David has been involved in computer architecture and high performance computing research since 1979. He has held appointments at Griffith University, CSIRO, RMIT and Monash University. Prior to joining UQ, he was the Director of the Monash e-Education Centre, Science Director of the Monash e-Research Centre, and a Professor of Computer Science in the Faculty of Information Technology at Monash. From 2007 to 2011 he was an Australian Research Council Professorial Fellow.

David has expertise in High Performance Computing, distributed and parallel computing, computer architecture and software engineering. He has produced in excess of 200 research publications, and some of his work has also been integrated in commercial products. One of these, Nimrod, has been used widely in research and academia globally, and is also available as a commercial product, called EnFuzion, from Axceleon. His world-leading work in parallel debugging is sold and marketed by Cray Inc, one of the world's leading supercomputing vendors, as a product called ccdb. David is a Fellow of the Association for Computing Machinery (ACM), the Institute of Electrical and Electronic Engineers (IEEE), the Australian Academy of Technology and Engineering (ATSE), and the Australian Computer Society (ACS). From 2016–2019 he was a visiting Professor in the Oxford e-Research Centre at the University of Oxford.

Friday, September 10 at 8:00 AM PT

Abstract

Over the past years, the use of Artificial Intelligence has become ubiquitous in most disciplines, and Scientific High Throughput applications are not the exception. Machine Learning increasingly plays a central role across the whole workflow pipeline, from workload forecasting, adaptive scheduling, self-managed resource allocation, and on the fly analysis. As we consider a pathway towards reproducible, scalable, and trustworthy science, we must pay special attention to the impact of ML in HTC, and how current practices can advance or hinder these efforts.
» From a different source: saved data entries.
lemma Gamma_op_commute_vecx_dirac:
  assumes A: "A \<subseteq> N"
  shows "Gamma_op \<mu> e A * x_A N = x_A N * Gamma_op \<mu> e A"
    and "Gamma_op \<mu> e A * D_A N = D_A N * Gamma_op \<mu> e A"
proof -
  have C: "N - A \<subseteq> N" and disjoint: "A \<inter> (N - A) = {}" by auto
  have x_split: "x_A N = x_A (N - A) + x_A A"
    unfolding vecx_op_def by (rule sum.subset_diff[OF A]) simp
  have D_split: "D_A N = D_A (N - A) + D_A A"
    unfolding dirac_op_def by (rule sum.subset_diff[OF A]) simp
  note rules = reflA_anticommute_vecx_dirac[OF A] reflA_commute_vecx_dirac_disjoint[OF C disjoint]
    scasimir_osp12(1,2)[OF A] scasimir_commute_vecx_dirac_disjoint[OF A C disjoint]
  note rules_left = rules[THEN mult_assoc_rule, unfolded mult.assoc]
  show "Gamma_op \<mu> e A * x_A N = x_A N * Gamma_op \<mu> e A"
    "Gamma_op \<mu> e A * D_A N = D_A N * Gamma_op \<mu> e A"
    unfolding Gamma_op_def x_split D_split by (simp_all add: algebra_simps rules rules_left del: One_nat_def)
qed

lemma Gamma_op_commute_scasimir_square:
  assumes "A \<subseteq> N"
  shows "Gamma_op \<mu> e A * (S_A N * S_A N) = S_A N * S_A N * Gamma_op \<mu> e A"
proof -
  note rules = Gamma_op_commute_vecx_dirac[OF assms]
  note rules_left = rules[THEN mult_assoc_rule, unfolded mult.assoc]
  have "Gamma_op \<mu> e A * S_A N = S_A N * Gamma_op \<mu> e A"
    unfolding scasimir_op_def[of \<mu> e N] by (simp add: algebra_simps rules rules_left del: One_nat_def)
  then show ?thesis by (metis mult.assoc)
qed

lemma Gamma_op_square: "B \<subseteq> N \<Longrightarrow> Gamma_op \<mu> e B * Gamma_op \<mu> e B = (1/4::real) *\<^sub>R (S_A B * S_A B)"
  by (simp add: Gamma_op_def mult.assoc reflA_commute_scasimir[THEN mult_assoc_rule, unfolded mult.assoc]
      reflA_op_square)

lemma Q_op_commute_Gamma_op:
  assumes "A \<subseteq> N"
  shows "Q_op \<mu> e n * Gamma_op \<mu> e A = Gamma_op \<mu> e A * Q_op \<mu> e n"
proof -
  obtain c where c: "(\<Sum>B\<in>two_subsets n. S_A B * S_A B) = S_A N * S_A N + c *\<^sub>R 1"
    using sum_scasimir_squares by blast
  have "Q_op \<mu> e n = (1/4::real) *\<^sub>R (\<Sum>B\<in>two_subsets n. S_A B * S_A B)"
    unfolding Q_op_def scaleR_sum_right by (intro sum.cong refl Gamma_op_square) (auto simp: two_subsets_def)
  then have Q: "Q_op \<mu> e n = (1/4::real) *\<^sub>R (S_A N * S_A N + c *\<^sub>R 1)"
    by (simp add: c)
  show ?thesis
    unfolding Q by (simp add: algebra_simps Gamma_op_commute_scasimir_square[OF assms] del: One_nat_def)
qed

lemma apply_vecx_op: "A \<subseteq> N \<Longrightarrow> apply_linop (x_A A) = vecx e A"
  unfolding vecx_op_def vecx_def
  by (intro ext, unfold apply_linop_sum, intro sum.cong refl)
    (auto simp: apply_linop_times apply_pointwise_op linear_e_i mult_x_op.rep_eq)

lemma apply_dirac_op: "A \<subseteq> N \<Longrightarrow> apply_linop (D_A A) = dirac \<mu> e A"
  unfolding dirac_op_def dirac_def
  by (intro ext, unfold apply_linop_sum, intro sum.cong refl)
    (auto simp: apply_linop_times apply_pointwise_op linear_e_i dunkl_op.rep_eq)

lemma apply_Gamma_op: "A \<subseteq> N \<Longrightarrow> apply_linop (Gamma_op \<mu> e A) F = GammaA \<mu> e A F"
  unfolding Gamma_op_def scasimir_op_def GammaA_def SA_def
  by (simp add: scaleR_linop.rep_eq apply_linop_times minus_linop.rep_eq one_linop.rep_eq reflA_op.rep_eq
      apply_vecx_op apply_dirac_op)

lemma apply_Q_op: "apply_linop (Q_op \<mu> e n) F = Qn \<mu> e n F"
  unfolding Q_op_def Qn_def two_subsets_def
  by (intro ext, unfold apply_linop_sum, intro sum.cong refl) (auto simp: apply_linop_times apply_Gamma_op)

end

text \<open>The identity holds for every coefficient function.\<close>

theorem lemma7:
  fixes n :: nat and \<mu> :: "nat \<Rightarrow> real" and e :: "nat \<Rightarrow> 'v::real_vector \<Rightarrow> 'v"
    and A :: "nat set" and F :: "'v pv"
  assumes "n \<ge> 1"
    and "\<forall>i\<in>{1..n}. \<mu> i > 0"
    and "\<forall>i\<in>{1..n}. linear (e i)"
    and "\<forall>i\<in>{1..n}. \<forall>j\<in>{1..n}. \<forall>v. e i (e j v) + e j (e i v) = (if i = j then (-2) *\<^sub>R v else 0)"
    and "A \<subseteq> {1..n}"
    and "is_poly n F"
  shows "Qn \<mu> e n (GammaA \<mu> e A F) = GammaA \<mu> e A (Qn \<mu> e n F)"
proof -
  interpret clifford_dunkl \<mu> e n
    using assms(3,4) by unfold_locales
  have "Qn \<mu> e n (GammaA \<mu> e A F) = apply_linop (Q_op \<mu> e n * Gamma_op \<mu> e A) F"
    by (simp add: apply_linop_times apply_Gamma_op[OF assms(5)] apply_Q_op)
  also have "\<dots> = apply_linop (Gamma_op \<mu> e A * Q_op \<mu> e n) F"
    by (simp add: Q_op_commute_Gamma_op[OF assms(5)])
  also have "\<dots> = GammaA \<mu> e A (Qn \<mu> e n F)"
    by (simp add: apply_linop_times apply_Gamma_op[OF assms(5)] apply_Q_op)
  finally show ?thesis .
qed

end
A common pitfall when designing ML-based solutions is the use of data "as is", and hoping that the models will automatically distill relevant features from the raw input. While this approach is feasible in domains with huge datasets, and no critical need for verifiable and reproducible results, this is a suboptimal approach in science, where data is expensive, very high dimensional, and noisy. This talk shows the power of embedding domain knowledge into the ML cycle, specifically within the data representation of complex entities, such as proteins. The goal of this encoding is to expose intra- and inter-molecular structural patterns to enable scalable and interpretable high throughput analyses. We present use cases in the context of protein function prediction and in-situ analysis of Molecular Dynamics simulations.

Biography

Trilce Estrada is an associate professor in the department of Computer Science at the University of New México and the director of the Data Science Laboratory. Her research interests span the intersection of Machine Learning, High Performance Computing, Big Data, and their applications to interdisciplinary problems in science and medicine. Estrada received an NSF CAREER award for her work on in-situ analysis and distributed machine learning. Her work for Accurate Scoring of Drug Conformations at the Extreme Scale won first place at the 2nd IEEE International Scalable Computing Challenge. She was named the 2019 ACM SIGHPC Emerging Woman Leader in Technical Computing winner. She has been chair of multiple mentoring efforts, reaching over 500 students, including the PhD Forum and Student Program at IPDPS (2014-2018) and the Mentor Protege Program at SC (2019). Dr. Estrada obtained a PhD in Computer Science from the University of Delaware, M.S in Computer Science from INAOE, and a B.S in Informatics from Universidad de Guadalajara, Mexico.